Scan the entries below and return each line that contains "False".

__Dataset entries__.
+ + +

definition perfect_matching :: "('e \<Rightarrow> 'a set) \<Rightarrow> 'a set \<Rightarrow> 'e set \<Rightarrow> 'e set \<Rightarrow> bool" where
  "perfect_matching ends V E M \<longleftrightarrow> M \<subseteq> E \<and> (\<forall>v\<in>V. \<exists>!e. e \<in> M \<and> v \<in> ends e)"

definition has_perfect_matching :: "('e \<Rightarrow> 'a set) \<Rightarrow> 'a set \<Rightarrow> 'e set \<Rightarrow> bool" where
  "has_perfect_matching ends V E \<longleftrightarrow> (\<exists>M. perfect_matching ends V E M)"

definition admissible :: "('e \<Rightarrow> 'a set) \<Rightarrow> 'a set \<Rightarrow> 'e set \<Rightarrow> 'e \<Rightarrow> bool" where
  "admissible ends V E e \<longleftrightarrow> e \<in> E \<and> (\<exists>M. perfect_matching ends V E M \<and> e \<in> M)"

definition adj :: "('e \<Rightarrow> 'a set) \<Rightarrow> 'a set \<Rightarrow> 'e set \<Rightarrow> 'a \<Rightarrow> 'a \<Rightarrow> bool" where
  "adj ends V E x y \<longleftrightarrow> x \<in> V \<and> y \<in> V \<and> (\<exists>e\<in>E. ends e = {x, y})"

definition reach :: "('e \<Rightarrow> 'a set) \<Rightarrow> 'a set \<Rightarrow> 'e set \<Rightarrow> 'a \<Rightarrow> 'a \<Rightarrow> bool" where
  "reach ends V E = (adj ends V E)\<^sup>*\<^sup>*"

definition connected_graph :: "('e \<Rightarrow> 'a set) \<Rightarrow> 'a set \<Rightarrow> 'e set \<Rightarrow> bool" where
  "connected_graph ends V E \<longleftrightarrow> V \<noteq> {} \<and> (\<forall>x\<in>V. \<forall>y\<in>V. reach ends V E x y)"

definition components :: "('e \<Rightarrow> 'a set) \<Rightarrow> 'a set \<Rightarrow> 'e set \<Rightarrow> 'a set set" where
  "components ends V E = {{y\<in>V. reach ends V E x y} | x. x \<in> V}"

definition matching_covered :: "('e \<Rightarrow> 'a set) \<Rightarrow> 'a set \<Rightarrow> 'e set \<Rightarrow> bool" where
  "matching_covered ends V E \<longleftrightarrow> connected_graph ends V E \<and> card V \<ge> 2 \<and>
     (\<forall>e\<in>E. admissible ends V E e)"

definition removable :: "('e \<Rightarrow> 'a set) \<Rightarrow> 'a set \<Rightarrow> 'e set \<Rightarrow> 'e \<Rightarrow> bool" where
  "removable ends V E e \<longleftrightarrow> e \<in> E \<and> matching_covered ends V (E - {e})"

definition nonremovable :: "('e \<Rightarrow> 'a set) \<Rightarrow> 'a set \<Rightarrow> 'e set \<Rightarrow> 'e \<Rightarrow> bool" where
  "nonremovable ends V E e \<longleftrightarrow> e \<in> E \<and> \<not> matching_covered ends V (E - {e})"

definition bipartition :: "('e \<Rightarrow> 'a set) \<Rightarrow> 'a set \<Rightarrow> 'e set \<Rightarrow> 'a set \<Rightarrow> 'a set \<Rightarrow> bool" where
  "bipartition ends V E U W \<longleftrightarrow> U \<inter> W = {} \<and> U \<union> W = V \<and>
     (\<forall>e\<in>E. \<exists>u\<in>U. \<exists>w\<in>W. ends e = {u, w})"

definition bipartite :: "('e \<Rightarrow> 'a set) \<Rightarrow> 'a set \<Rightarrow> 'e set \<Rightarrow> bool" where
  "bipartite ends V E \<longleftrightarrow> (\<exists>U W. bipartition ends V E U W)"

definition k_connected :: "nat \<Rightarrow> ('e \<Rightarrow> 'a set) \<Rightarrow> 'a set \<Rightarrow> 'e set \<Rightarrow> bool" where
  "k_connected k ends V E \<longleftrightarrow> card V > k \<and>
     (\<forall>S. S \<subseteq> V \<and> card S < k \<longrightarrow> connected_graph ends (V - S) (avoid ends E S))"

definition brick :: "('e \<Rightarrow> 'a set) \<Rightarrow> 'a set \<Rightarrow> 'e set \<Rightarrow> bool" where
  "brick ends V E \<longleftrightarrow> k_connected 3 ends V E \<and> \<not> bipartite ends V E \<and>
     (\<forall>x\<in>V. \<forall>y\<in>V. x \<noteq> y \<longrightarrow>
        has_perfect_matching ends (V - {x, y}) (avoid ends E {x, y}))"

definition removable_doubleton :: "('e \<Rightarrow> 'a set) \<Rightarrow> 'a set \<Rightarrow> 'e set \<Rightarrow> 'e \<Rightarrow> 'e \<Rightarrow> bool" where
  "removable_doubleton ends V E e1 e2 \<longleftrightarrow> matching_covered ends V E \<and> \<not> bipartite ends V E \<and>
     e1 \<in> E \<and> e2 \<in> E \<and> e1 \<noteq> e2 \<and>
     bipartite ends V (E - {e1, e2}) \<and> matching_covered ends V (E - {e1, e2})"

definition barrier :: "('e \<Rightarrow> 'a set) \<Rightarrow> 'a set \<Rightarrow> 'e set \<Rightarrow> 'a set \<Rightarrow> bool" where
  "barrier ends V E S \<longleftrightarrow> S \<noteq> {} \<and> S \<subseteq> V \<and>
     card {C \<in> components ends (V - S) (avoid ends E S). odd (card C)} = card S"

end

theory Submission
  imports Defs
begin

text \<open>The edge e* lies in H, so it has one end in U and one in W, and both ends lie in B;
hence U1 and W2 are nonempty. Every neighbour in H of a vertex of W1 lies in U1 or is u,
because W1 consists of isolated vertices of G - e - B. Since W2 is nonempty and disjoint
from W1, the set W1 is a proper subset of W, and in the bipartite matching covered graph H
a nonempty proper subset of one colour class has strictly more neighbours than elements.
Thus |W1| < |U1| + 1, and symmetrically |U2| \<le> |W2|.\<close>

definition neighbours :: "('e \<Rightarrow> 'a set) \<Rightarrow> 'e set \<Rightarrow> 'a set \<Rightarrow> 'a set" where
  "neighbours ends F X = {y. \<exists>f\<in>F. \<exists>x\<in>X. ends f = {x, y}}"

lemma neighbours_mono: "F \<subseteq> F' \<Longrightarrow> neighbours ends F X \<subseteq> neighbours ends F' X"
  unfolding neighbours_def by blast

lemma bipartition_parts: "bipartition ends V F U W \<Longrightarrow> U \<inter> W = {} \<and> U \<union> W = V"
  unfolding bipartition_def by blast

lemma bipartition_sym:
  assumes "bipartition ends V F U W" shows "bipartition ends V F W U"
proof -
  have "\<forall>f\<in>F. \<exists>w\<in>W. \<exists>u\<in>U. ends f = {w, u}"
    using assms unfolding bipartition_def by (metis insert_commute)
  with assms show ?thesis unfolding bipartition_def by blast
qed

lemma bipartition_edge_end:
  assumes "bipartition ends V F U W" "f \<in> F" "ends f = {x, y}" "x \<in> W"
  shows "y \<in> U" "x \<noteq> y"
proof -
  from assms(1,2) obtain u' w' where "u' \<in> U" "w' \<in> W" "ends f = {u', w'}" "U \<inter> W = {}"
    unfolding bipartition_def by blast
  with assms(3,4) have "y = u'" "x = w'" by (auto simp: doubleton_eq_iff)
  with \<open>u' \<in> U\<close> \<open>w' \<in> W\<close> \<open>U \<inter> W = {}\<close> show "y \<in> U" "x \<noteq> y" by auto
qed

lemma bipartition_neighbours_subset:
  assumes "bipartition ends V F U W" "X \<subseteq> W" shows "neighbours ends F X \<subseteq> U"
proof
  fix y assume "y \<in> neighbours ends F X"
  then obtain f x where f: "f \<in> F" "x \<in> X" "ends f = {x, y}" unfolding neighbours_def by blast
  show "y \<in> U" using bipartition_edge_end(1)[OF assms(1) f(1,3)] f(2) assms(2) by blast
qed

lemma connected_graph_adj_leaving:
  assumes "connected_graph ends V F" "x \<in> V" "z \<in> V" "x \<in> S" "z \<notin> S"
  shows "\<exists>a b. adj ends V F a b \<and> a \<in> S \<and> b \<notin> S"
proof -
  have "reach ends V F x z"
    using assms(1-3) unfolding connected_graph_def by blast
  then show ?thesis
    using assms(4,5) unfolding reach_def by (induction rule: rtranclp_induct) auto
qed

lemma perfect_matching_edge_unique:
  assumes "perfect_matching ends V F M" "v \<in> V" "m \<in> M" "m' \<in> M" "v \<in> ends m" "v \<in> ends m'"
  shows "m = m'"
  using assms unfolding perfect_matching_def by blast

lemma perfect_matching_partner:
  assumes "bipartition ends V F U W" "perfect_matching ends V F M" "x \<in> W"
  shows "\<exists>y. y \<in> U \<and> (\<exists>m\<in>M. ends m = {x, y})"
proof -
  have "x \<in> V" using assms(1,3) unfolding bipartition_def by blast
  then obtain m where m: "m \<in> M" "x \<in> ends m" "m \<in> F"
    using assms(2) unfolding perfect_matching_def by blast
  with assms(1) obtain u' w' where "u' \<in> U" "w' \<in> W" "ends m = {u', w'}" "U \<inter> W = {}"
    unfolding bipartition_def by blast
  with m(1,2) assms(3) show ?thesis by (metis disjoint_iff insert_commute insertE singletonD)
qed

lemma card_le_matching_neighbours:
  assumes bp: "bipartition ends V F U W" and M: "perfect_matching ends V F M"
    and "finite V" "X \<subseteq> W"
  shows "card X \<le> card (neighbours ends M X)"
proof -
  define p where "p x = (SOME y. y \<in> U \<and> (\<exists>m\<in>M. ends m = {x, y}))" for x
  have p: "p x \<in> U \<and> (\<exists>m\<in>M. ends m = {x, p x})" if "x \<in> X" for x
  proof -
    have "x \<in> W" using that \<open>X \<subseteq> W\<close> by blast
    then show ?thesis unfolding p_def by (rule someI_ex[OF perfect_matching_partner[OF bp M]])
  qed
  have MF: "M \<subseteq> F" using M unfolding perfect_matching_def by blast
  have "inj_on p X"
  proof (rule inj_onI)
    fix x1 x2 assume x: "x1 \<in> X" "x2 \<in> X" "p x1 = p x2"
    then obtain m1 m2 where m: "m1 \<in> M" "ends m1 = {x1, p x1}" "m2 \<in> M" "ends m2 = {x2, p x1}"
      using p by metis
    have "p x1 \<in> V" using p[OF x(1)] bipartition_parts[OF bp] by blast
    then have "m1 = m2" using perfect_matching_edge_unique[OF M] m by blast
    moreover have "x2 \<noteq> p x1"
      using bipartition_edge_end(2)[OF bp _ m(4)] m(3) MF x(2) \<open>X \<subseteq> W\<close> by blast
    ultimately show "x1 = x2" using m by (auto simp: doubleton_eq_iff)
  qed
  moreover have "p ` X \<subseteq> neighbours ends M X"
    unfolding neighbours_def using p by blast
  moreover have "neighbours ends M X \<subseteq> U"
    using neighbours_mono[OF MF, of ends X] bipartition_neighbours_subset[OF bp \<open>X \<subseteq> W\<close>]
    by (rule subset_trans)
  then have "neighbours ends M X \<subseteq> V" using bipartition_parts[OF bp] by blast
  then have "finite (neighbours ends M X)" using \<open>finite V\<close> by (rule finite_subset)
  ultimately show ?thesis by (rule card_inj_on_le)
qed

text \<open>Strict Hall condition: a perfect matching through an edge leaving X \<union> N(X)
matches X into N(X) minus the end of that edge.\<close>

lemma matching_covered_bipartite_surplus:
  assumes mc: "matching_covered ends V F" and bp: "bipartition ends V F U W"
    and "finite V" and XW: "X \<subseteq> W" and "X \<noteq> {}" and "X \<noteq> W"
  shows "card X < card (neighbours ends F X)"
proof -
  let ?N = "neighbours ends F X"
  have NU: "?N \<subseteq> U" using bipartition_neighbours_subset[OF bp XW] .
  have UW: "U \<inter> W = {}" "U \<union> W = V" using bipartition_parts[OF bp] by auto
  obtain x z where "x \<in> X" "z \<in> W" "z \<notin> X" using \<open>X \<noteq> {}\<close> \<open>X \<noteq> W\<close> XW by blast
  then have "\<exists>a b. adj ends V F a b \<and> a \<in> X \<union> ?N \<and> b \<notin> X \<union> ?N"
    using connected_graph_adj_leaving[OF _ _ _, of ends V F x z "X \<union> ?N"] mc XW NU UW
    unfolding matching_covered_def by blast
  then obtain a b g where g: "g \<in> F" "ends g = {a, b}" "a \<in> V" "a \<in> X \<union> ?N" "b \<notin> X \<union> ?N"
    unfolding adj_def by blast
  have aN: "a \<in> ?N"
    using g unfolding neighbours_def by blast
  have "b \<in> W" using bipartition_edge_end(1)[OF bipartition_sym[OF bp] g(1,2)] aN NU by blast
  obtain M where M: "perfect_matching ends V F M" "g \<in> M"
    using mc g(1) unfolding matching_covered_def admissible_def by blast
  have MF: "M \<subseteq> F" using M(1) unfolding perfect_matching_def by blast
  have "neighbours ends M X \<subseteq> ?N - {a}"
  proof
    fix y assume y: "y \<in> neighbours ends M X"
    then obtain m x' where m: "m \<in> M" "x' \<in> X" "ends m = {x', y}"
      unfolding neighbours_def by blast
    have "y \<noteq> a"
    proof
      assume "y = a"
      then have "m = g" using perfect_matching_edge_unique[OF M(1) g(3) m(1) M(2)] m(3) g(2) by simp
      then have "x' \<in> {a, b}" using m(3) g(2) by auto
      then show False using m(2) g(5) aN NU XW UW(1) by blast
    qed
    moreover have "y \<in> ?N" using neighbours_mono[OF MF, of ends X] y by blast
    ultimately show "y \<in> ?N - {a}" by blast
  qed
  moreover have "finite ?N" using NU UW \<open>finite V\<close> by (meson finite_subset sup.cobounded1)
  ultimately have "card (neighbours ends M X) \<le> card (?N - {a})" by (simp add: card_mono)
  also have "\<dots> < card ?N" using \<open>finite ?N\<close> aN by (rule card_Diff1_less)
  finally show ?thesis using card_le_matching_neighbours[OF bp M(1) \<open>finite V\<close> XW] by linarith
qed

lemma singleton_component_mem: "{x} \<in> components ends S F \<Longrightarrow> x \<in> S"
  unfolding components_def by auto

lemma singleton_component_neighbour_in_deleted:
  assumes "{x} \<in> components ends (V - B) (avoid ends F B)" "f \<in> F" "ends f = {x, y}"
    "y \<in> V" "y \<noteq> x"
  shows "y \<in> B"
proof (rule ccontr)
  assume "y \<notin> B"
  obtain z where z: "z \<in> V - B" "{x} = {v \<in> V - B. reach ends (V - B) (avoid ends F B) z v}"
    using assms(1) unfolding components_def by blast
  then have "z = x" unfolding reach_def by blast
  have "x \<in> V - B" using singleton_component_mem[OF assms(1)] .
  with \<open>y \<notin> B\<close> assms(2-4) have "adj ends (V - B) (avoid ends F B) x y"
    unfolding adj_def avoid_def by auto
  then have "reach ends (V - B) (avoid ends F B) z y" unfolding reach_def \<open>z = x\<close> by blast
  with z(2) \<open>y \<notin> B\<close> assms(4) have "y \<in> {x}" by blast
  with assms(5) show False by simp
qed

+ + +

__Your solution__.
      then show False using m(2) g(5) aN NU XW UW(1) by blast
  with assms(5) show False by simp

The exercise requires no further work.